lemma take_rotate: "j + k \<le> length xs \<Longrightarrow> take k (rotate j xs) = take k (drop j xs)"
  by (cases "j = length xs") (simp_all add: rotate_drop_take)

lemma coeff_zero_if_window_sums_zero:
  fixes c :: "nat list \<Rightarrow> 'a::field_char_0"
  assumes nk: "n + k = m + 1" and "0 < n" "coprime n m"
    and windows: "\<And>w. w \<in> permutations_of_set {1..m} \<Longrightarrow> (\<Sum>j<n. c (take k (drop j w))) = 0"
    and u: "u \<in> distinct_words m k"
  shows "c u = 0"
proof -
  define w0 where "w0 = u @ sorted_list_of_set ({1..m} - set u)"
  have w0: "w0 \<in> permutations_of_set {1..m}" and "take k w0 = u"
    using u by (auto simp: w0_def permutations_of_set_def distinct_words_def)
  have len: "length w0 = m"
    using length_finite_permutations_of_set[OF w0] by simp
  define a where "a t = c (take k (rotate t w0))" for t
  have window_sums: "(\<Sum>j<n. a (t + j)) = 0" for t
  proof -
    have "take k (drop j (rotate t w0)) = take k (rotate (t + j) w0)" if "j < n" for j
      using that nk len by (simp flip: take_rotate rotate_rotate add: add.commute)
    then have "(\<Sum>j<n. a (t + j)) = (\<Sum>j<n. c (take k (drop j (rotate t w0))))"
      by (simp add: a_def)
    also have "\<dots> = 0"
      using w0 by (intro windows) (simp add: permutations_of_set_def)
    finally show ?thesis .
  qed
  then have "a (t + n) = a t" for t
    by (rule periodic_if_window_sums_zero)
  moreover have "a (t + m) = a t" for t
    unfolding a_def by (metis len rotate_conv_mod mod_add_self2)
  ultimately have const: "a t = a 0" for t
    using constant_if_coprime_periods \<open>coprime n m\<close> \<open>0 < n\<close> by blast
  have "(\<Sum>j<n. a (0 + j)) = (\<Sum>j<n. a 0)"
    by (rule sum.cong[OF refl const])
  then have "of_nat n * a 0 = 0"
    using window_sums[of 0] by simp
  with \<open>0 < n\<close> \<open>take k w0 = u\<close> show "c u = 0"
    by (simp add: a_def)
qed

-------------------------

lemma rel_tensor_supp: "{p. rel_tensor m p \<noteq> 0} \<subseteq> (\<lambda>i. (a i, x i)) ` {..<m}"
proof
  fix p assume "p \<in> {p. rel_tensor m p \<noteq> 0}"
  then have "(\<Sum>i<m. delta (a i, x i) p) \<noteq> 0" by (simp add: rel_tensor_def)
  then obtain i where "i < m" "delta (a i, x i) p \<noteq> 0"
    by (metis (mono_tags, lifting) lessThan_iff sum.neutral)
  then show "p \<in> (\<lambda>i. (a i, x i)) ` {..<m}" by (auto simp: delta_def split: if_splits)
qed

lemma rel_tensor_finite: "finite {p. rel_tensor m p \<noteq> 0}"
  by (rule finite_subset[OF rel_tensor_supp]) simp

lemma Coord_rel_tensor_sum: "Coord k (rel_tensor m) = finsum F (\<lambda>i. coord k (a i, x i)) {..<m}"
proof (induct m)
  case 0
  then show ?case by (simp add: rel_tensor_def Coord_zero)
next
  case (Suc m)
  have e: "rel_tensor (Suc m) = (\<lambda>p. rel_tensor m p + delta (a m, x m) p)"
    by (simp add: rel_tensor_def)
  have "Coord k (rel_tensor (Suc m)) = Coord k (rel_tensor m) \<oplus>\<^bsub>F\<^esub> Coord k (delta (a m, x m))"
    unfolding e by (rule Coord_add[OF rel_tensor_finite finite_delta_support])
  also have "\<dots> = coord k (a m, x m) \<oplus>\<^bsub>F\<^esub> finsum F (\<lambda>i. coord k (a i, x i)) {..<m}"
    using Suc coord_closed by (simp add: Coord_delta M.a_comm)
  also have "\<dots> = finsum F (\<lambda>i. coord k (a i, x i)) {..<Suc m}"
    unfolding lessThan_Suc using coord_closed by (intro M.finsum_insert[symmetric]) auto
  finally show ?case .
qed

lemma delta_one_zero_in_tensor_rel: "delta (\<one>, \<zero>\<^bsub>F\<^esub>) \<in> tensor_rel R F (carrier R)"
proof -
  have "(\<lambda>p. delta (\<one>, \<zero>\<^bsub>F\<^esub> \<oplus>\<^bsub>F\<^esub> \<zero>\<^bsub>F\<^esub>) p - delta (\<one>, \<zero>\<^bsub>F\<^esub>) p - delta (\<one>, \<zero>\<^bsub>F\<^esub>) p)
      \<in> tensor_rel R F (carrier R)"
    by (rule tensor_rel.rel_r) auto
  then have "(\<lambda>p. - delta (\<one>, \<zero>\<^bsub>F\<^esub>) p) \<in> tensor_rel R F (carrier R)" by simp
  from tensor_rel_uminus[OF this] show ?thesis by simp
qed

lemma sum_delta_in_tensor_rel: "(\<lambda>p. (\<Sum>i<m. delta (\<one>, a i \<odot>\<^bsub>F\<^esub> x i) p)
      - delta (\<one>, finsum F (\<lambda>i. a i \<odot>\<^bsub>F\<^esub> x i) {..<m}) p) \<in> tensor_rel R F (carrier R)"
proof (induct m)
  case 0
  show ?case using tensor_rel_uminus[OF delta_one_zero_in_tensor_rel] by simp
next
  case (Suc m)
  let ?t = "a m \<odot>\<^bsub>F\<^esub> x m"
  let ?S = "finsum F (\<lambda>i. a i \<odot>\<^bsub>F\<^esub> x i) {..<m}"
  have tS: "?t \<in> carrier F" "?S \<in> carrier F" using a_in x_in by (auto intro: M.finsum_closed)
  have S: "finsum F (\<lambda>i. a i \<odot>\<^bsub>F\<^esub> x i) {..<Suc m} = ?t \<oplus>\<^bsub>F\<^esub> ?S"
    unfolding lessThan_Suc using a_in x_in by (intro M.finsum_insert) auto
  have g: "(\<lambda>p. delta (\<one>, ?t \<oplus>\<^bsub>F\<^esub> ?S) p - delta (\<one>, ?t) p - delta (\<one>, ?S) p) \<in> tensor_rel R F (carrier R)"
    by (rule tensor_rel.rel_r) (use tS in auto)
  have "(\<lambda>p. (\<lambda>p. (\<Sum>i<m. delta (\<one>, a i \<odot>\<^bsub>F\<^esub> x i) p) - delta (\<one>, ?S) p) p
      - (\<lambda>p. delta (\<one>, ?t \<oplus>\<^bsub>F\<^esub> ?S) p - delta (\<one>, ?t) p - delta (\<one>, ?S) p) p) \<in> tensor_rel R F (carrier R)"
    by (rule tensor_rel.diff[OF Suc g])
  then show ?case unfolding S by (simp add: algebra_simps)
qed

-------------------------

*Work required*. Of the entries above, repeat exactly the lines from the line with "unfolding lessThan_Suc using coord_closed" through the line with "by (rule tensor_rel.rel_r) auto", both of them included.

*Result of the task*.
    unfolding lessThan_Suc using coord_closed by (intro M.finsum_insert[symmetric]) auto
  finally show ?case .
qed

lemma delta_one_zero_in_tensor_rel: "delta (\<one>, \<zero>\<^bsub>F\<^esub>) \<in> tensor_rel R F (carrier R)"
proof -
  have "(\<lambda>p. delta (\<one>, \<zero>\<^bsub>F\<^esub> \<oplus>\<^bsub>F\<^esub> \<zero>\<^bsub>F\<^esub>) p - delta (\<one>, \<zero>\<^bsub>F\<^esub>) p - delta (\<one>, \<zero>\<^bsub>F\<^esub>) p)
      \<in> tensor_rel R F (carrier R)"
    by (rule tensor_rel.rel_r) auto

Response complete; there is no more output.